== Working data ==

lemma binomial_plus_minus:
  fixes t :: "'a::comm_ring_1"
  shows "(1 + t)^m + (1 - t)^m = 2 * even_binomial_sum m (t^2)"
proof -
  have "(1 + t)^m + (1 - t)^m = (\<Sum>k\<le>m. of_nat (m choose k) * (t^k + (-t)^k))"
    using binomial_ring[of t 1 m] binomial_ring[of "-t" 1 m]
    by (simp add: sum.distrib algebra_simps)
  also have "\<dots> = (\<Sum>k\<le>m. if even k then 2 * (of_nat (m choose k) * t^k) else 0)"
    by (intro sum.cong) (auto simp: algebra_simps)
  finally show ?thesis
    by (simp add: sum_if_even even_binomial_sum_def sum_distrib_left power_mult)
qed

lemma even_binomial_sum_one:
  assumes "0 < m"
  shows "even_binomial_sum m (1 :: 'a::{idom, ring_char_0}) = 2 ^ (m - 1)"
proof -
  have "(2 :: 'a) ^ m = 2 * 2 ^ (m - 1)"
    using assms by (simp flip: power_Suc)
  then have "2 * even_binomial_sum m (1 :: 'a) = 2 * 2 ^ (m - 1)"
    using binomial_plus_minus[of "1 :: 'a" m] assms by (simp add: zero_power)
  then show ?thesis by simp
qed

lemma sum_even_binomial_power_minus_1:
  fixes x :: "'a::{idom, ring_char_0}"
  assumes "0 < m"
  shows "(\<Sum>j=1..m div 2. of_nat (m choose (2*j)) * (x ^ j - 1)) = even_binomial_sum m x - 2 ^ (m - 1)"
proof -
  have "(\<Sum>j=1..m div 2. of_nat (m choose (2*j)) * (x ^ j - 1))
      = (\<Sum>j\<le>m div 2. of_nat (m choose (2*j)) * (x ^ j - 1))"
    by (intro sum.mono_neutral_left) (auto simp: Suc_le_eq)
  also have "\<dots> = even_binomial_sum m x - even_binomial_sum m 1"
    by (simp add: even_binomial_sum_def right_diff_distrib sum_subtractf)
  finally show ?thesis using even_binomial_sum_one[OF assms] by simp
qed

lemma of_rat_even_binomial_sum:
  "of_rat (even_binomial_sum m x) = even_binomial_sum m (of_rat x)"
  by (simp add: even_binomial_sum_def of_rat_sum of_rat_mult of_rat_power)

lemma one_plus_power_6:
  fixes s :: "'a::field_char_0"
  assumes "s^2 = - 1/3"
  shows "(1 + s)^6 = - 64/27"
proof -
  have "(1 + s)^2 = 2/3 + 2 * s"
    using assms by (simp add: power2_eq_square algebra_simps)
  moreover have "(1 + s)^6 = ((1 + s)^2)^3"
    by (simp flip: power_mult)
  ultimately have "(1 + s)^6 = (2/3 + 2 * s)^3"
    by simp
  also have "\<dots> = 8/27 + 8/3 * s + 8 * s^2 + 8 * s * s^2"
    by (simp add: power3_eq_cube power2_eq_square algebra_simps)
  finally show ?thesis using assms by simp
qed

===

> [Work item]: Starting with the line above that holds "(\<Sum>k\<le>m. if even" and stopping with the line that holds "even_binomial_sum m (1 :: 'a)", reproduce each line exactly, omitting all other lines.

> [Answer to the problem]:
  also have "\<dots> = (\<Sum>k\<le>m. if even k then 2 * (of_nat (m choose k) * t^k) else 0)"
    by (intro sum.cong) (auto simp: algebra_simps)
  finally show ?thesis
    by (simp add: sum_if_even even_binomial_sum_def sum_distrib_left power_mult)
qed

lemma even_binomial_sum_one:
  assumes "0 < m"
  shows "even_binomial_sum m (1 :: 'a::{idom, ring_char_0}) = 2 ^ (m - 1)"
proof -
  have "(2 :: 'a) ^ m = 2 * 2 ^ (m - 1)"
    using assms by (simp flip: power_Suc)
  then have "2 * even_binomial_sum m (1 :: 'a) = 2 * 2 ^ (m - 1)"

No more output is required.